WHAT IS NEEDED: Only certain lines below are wanted: those starting at the line containing "define F where" and ending at the line containing "using \<eta> by auto", both included, each retyped exactly.

RECORDS TO USE:
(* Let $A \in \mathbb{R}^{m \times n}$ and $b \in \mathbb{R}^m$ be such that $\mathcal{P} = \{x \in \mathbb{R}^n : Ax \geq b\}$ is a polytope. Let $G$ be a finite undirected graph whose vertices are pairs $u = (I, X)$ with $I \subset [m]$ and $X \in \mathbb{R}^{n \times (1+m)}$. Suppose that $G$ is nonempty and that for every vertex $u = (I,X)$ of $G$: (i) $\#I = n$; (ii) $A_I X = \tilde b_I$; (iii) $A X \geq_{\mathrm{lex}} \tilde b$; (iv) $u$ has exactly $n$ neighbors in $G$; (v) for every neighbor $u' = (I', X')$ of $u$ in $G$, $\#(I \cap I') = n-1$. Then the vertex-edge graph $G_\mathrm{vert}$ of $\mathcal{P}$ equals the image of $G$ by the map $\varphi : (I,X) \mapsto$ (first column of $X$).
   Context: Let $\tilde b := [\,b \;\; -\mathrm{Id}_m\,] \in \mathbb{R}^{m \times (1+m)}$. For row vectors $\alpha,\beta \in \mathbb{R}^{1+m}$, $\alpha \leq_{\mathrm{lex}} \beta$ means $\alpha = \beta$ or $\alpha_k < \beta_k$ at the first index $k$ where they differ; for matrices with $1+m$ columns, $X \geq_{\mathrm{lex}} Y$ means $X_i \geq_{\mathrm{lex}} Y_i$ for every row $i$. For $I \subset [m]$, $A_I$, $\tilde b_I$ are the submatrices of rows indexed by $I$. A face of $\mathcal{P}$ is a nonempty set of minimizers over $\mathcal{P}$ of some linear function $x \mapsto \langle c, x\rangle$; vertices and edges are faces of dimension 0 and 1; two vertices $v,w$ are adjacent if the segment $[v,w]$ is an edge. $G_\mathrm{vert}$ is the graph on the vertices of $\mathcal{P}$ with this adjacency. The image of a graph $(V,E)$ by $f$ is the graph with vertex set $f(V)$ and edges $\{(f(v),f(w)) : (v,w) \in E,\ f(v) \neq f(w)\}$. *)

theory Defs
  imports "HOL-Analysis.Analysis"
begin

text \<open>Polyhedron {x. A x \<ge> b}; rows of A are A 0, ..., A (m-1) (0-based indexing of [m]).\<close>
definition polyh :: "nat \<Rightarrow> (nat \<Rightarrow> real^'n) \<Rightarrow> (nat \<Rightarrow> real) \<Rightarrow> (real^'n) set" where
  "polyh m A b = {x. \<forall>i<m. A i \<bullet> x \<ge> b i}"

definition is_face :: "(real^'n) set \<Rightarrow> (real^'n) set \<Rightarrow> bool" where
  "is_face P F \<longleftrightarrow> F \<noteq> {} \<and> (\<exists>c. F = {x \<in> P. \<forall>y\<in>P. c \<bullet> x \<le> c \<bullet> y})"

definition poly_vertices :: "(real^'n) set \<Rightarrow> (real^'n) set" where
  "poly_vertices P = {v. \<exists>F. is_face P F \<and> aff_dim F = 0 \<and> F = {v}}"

...

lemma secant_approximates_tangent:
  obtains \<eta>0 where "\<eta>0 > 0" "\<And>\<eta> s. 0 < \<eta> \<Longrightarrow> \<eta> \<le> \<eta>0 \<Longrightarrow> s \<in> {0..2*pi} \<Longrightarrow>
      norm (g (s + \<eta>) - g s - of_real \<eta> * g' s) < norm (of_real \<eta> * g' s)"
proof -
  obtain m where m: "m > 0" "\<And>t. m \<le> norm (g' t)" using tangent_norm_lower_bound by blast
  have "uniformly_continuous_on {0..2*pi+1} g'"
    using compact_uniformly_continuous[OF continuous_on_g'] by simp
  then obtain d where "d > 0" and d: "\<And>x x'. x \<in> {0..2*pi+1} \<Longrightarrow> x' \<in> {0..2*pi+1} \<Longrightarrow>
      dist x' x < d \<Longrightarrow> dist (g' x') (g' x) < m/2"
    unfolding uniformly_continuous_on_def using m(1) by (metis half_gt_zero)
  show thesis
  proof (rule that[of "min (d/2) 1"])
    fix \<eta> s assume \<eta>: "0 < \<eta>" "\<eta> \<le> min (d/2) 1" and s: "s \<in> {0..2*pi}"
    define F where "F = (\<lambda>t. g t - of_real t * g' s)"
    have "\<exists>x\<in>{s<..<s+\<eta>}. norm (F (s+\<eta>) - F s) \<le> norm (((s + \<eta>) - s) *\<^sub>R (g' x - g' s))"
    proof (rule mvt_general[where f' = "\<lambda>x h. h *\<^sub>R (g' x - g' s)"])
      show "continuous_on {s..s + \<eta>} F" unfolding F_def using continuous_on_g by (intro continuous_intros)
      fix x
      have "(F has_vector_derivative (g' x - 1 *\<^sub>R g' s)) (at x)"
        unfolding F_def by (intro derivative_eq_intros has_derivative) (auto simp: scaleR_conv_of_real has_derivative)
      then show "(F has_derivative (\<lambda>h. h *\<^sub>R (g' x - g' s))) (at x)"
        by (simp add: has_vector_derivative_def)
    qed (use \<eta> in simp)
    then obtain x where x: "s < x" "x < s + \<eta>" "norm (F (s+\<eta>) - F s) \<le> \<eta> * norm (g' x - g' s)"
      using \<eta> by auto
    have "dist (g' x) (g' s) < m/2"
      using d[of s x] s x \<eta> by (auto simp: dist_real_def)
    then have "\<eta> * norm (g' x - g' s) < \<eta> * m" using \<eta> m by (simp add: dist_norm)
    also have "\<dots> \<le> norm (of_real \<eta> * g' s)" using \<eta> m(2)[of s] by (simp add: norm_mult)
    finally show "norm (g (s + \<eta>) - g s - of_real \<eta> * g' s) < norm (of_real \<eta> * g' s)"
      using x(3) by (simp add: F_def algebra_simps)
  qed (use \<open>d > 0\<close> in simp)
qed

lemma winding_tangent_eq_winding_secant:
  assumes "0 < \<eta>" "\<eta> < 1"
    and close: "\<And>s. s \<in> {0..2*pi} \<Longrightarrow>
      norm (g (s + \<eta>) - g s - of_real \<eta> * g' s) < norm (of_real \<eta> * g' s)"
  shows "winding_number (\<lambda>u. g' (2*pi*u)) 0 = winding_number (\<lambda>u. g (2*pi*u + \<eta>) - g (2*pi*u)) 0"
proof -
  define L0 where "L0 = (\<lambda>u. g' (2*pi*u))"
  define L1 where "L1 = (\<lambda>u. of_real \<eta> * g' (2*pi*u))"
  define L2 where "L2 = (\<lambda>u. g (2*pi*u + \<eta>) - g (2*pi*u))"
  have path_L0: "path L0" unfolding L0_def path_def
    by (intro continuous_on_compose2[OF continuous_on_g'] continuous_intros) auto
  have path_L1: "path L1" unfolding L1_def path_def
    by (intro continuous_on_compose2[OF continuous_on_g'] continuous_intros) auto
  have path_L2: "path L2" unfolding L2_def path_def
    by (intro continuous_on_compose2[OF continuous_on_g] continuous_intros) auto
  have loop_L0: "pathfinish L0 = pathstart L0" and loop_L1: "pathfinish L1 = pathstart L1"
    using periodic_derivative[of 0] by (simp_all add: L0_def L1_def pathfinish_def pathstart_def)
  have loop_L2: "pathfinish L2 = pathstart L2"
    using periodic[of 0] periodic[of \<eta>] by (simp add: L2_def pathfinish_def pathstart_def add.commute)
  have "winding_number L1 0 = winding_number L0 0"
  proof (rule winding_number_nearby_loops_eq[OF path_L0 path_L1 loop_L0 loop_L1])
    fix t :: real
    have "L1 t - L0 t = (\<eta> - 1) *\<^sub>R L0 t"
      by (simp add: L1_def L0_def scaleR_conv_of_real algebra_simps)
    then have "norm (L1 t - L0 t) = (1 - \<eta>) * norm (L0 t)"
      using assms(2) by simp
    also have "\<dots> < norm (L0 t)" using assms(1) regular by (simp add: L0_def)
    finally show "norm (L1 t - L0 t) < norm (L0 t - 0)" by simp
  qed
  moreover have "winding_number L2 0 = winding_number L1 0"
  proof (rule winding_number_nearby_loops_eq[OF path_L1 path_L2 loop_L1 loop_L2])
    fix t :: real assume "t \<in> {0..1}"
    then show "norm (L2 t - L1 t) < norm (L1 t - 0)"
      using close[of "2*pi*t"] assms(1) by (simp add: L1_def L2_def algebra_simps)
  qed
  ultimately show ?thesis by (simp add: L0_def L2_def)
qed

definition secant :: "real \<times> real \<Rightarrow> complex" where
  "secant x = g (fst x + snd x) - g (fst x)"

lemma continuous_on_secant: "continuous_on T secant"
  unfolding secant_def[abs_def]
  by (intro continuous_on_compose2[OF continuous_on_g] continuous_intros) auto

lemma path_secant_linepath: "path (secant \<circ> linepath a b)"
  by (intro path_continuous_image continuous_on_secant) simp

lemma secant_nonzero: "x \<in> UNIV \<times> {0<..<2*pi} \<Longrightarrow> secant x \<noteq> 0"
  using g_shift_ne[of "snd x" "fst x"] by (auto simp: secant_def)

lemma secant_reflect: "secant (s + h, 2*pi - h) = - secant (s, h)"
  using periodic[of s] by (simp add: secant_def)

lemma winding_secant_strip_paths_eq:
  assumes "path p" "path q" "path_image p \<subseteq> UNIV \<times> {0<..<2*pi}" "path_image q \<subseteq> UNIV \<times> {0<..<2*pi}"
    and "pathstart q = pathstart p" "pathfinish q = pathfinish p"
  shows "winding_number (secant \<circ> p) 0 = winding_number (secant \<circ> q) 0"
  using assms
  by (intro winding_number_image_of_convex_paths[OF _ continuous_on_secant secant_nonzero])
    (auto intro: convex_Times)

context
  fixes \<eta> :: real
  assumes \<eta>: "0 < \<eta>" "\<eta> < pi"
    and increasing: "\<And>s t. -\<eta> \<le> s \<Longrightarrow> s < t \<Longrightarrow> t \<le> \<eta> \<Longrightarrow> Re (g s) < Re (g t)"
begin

OUTPUT OF THE EXERCISE:
    define F where "F = (\<lambda>t. g t - of_real t * g' s)"
    have "\<exists>x\<in>{s<..<s+\<eta>}. norm (F (s+\<eta>) - F s) \<le> norm (((s + \<eta>) - s) *\<^sub>R (g' x - g' s))"
    proof (rule mvt_general[where f' = "\<lambda>x h. h *\<^sub>R (g' x - g' s)"])
      show "continuous_on {s..s + \<eta>} F" unfolding F_def using continuous_on_g by (intro continuous_intros)
      fix x
      have "(F has_vector_derivative (g' x - 1 *\<^sub>R g' s)) (at x)"
        unfolding F_def by (intro derivative_eq_intros has_derivative) (auto simp: scaleR_conv_of_real has_derivative)
      then show "(F has_derivative (\<lambda>h. h *\<^sub>R (g' x - g' s))) (at x)"
        by (simp add: has_vector_derivative_def)
    qed (use \<eta> in simp)
    then obtain x where x: "s < x" "x < s + \<eta>" "norm (F (s+\<eta>) - F s) \<le> \<eta> * norm (g' x - g' s)"
      using \<eta> by auto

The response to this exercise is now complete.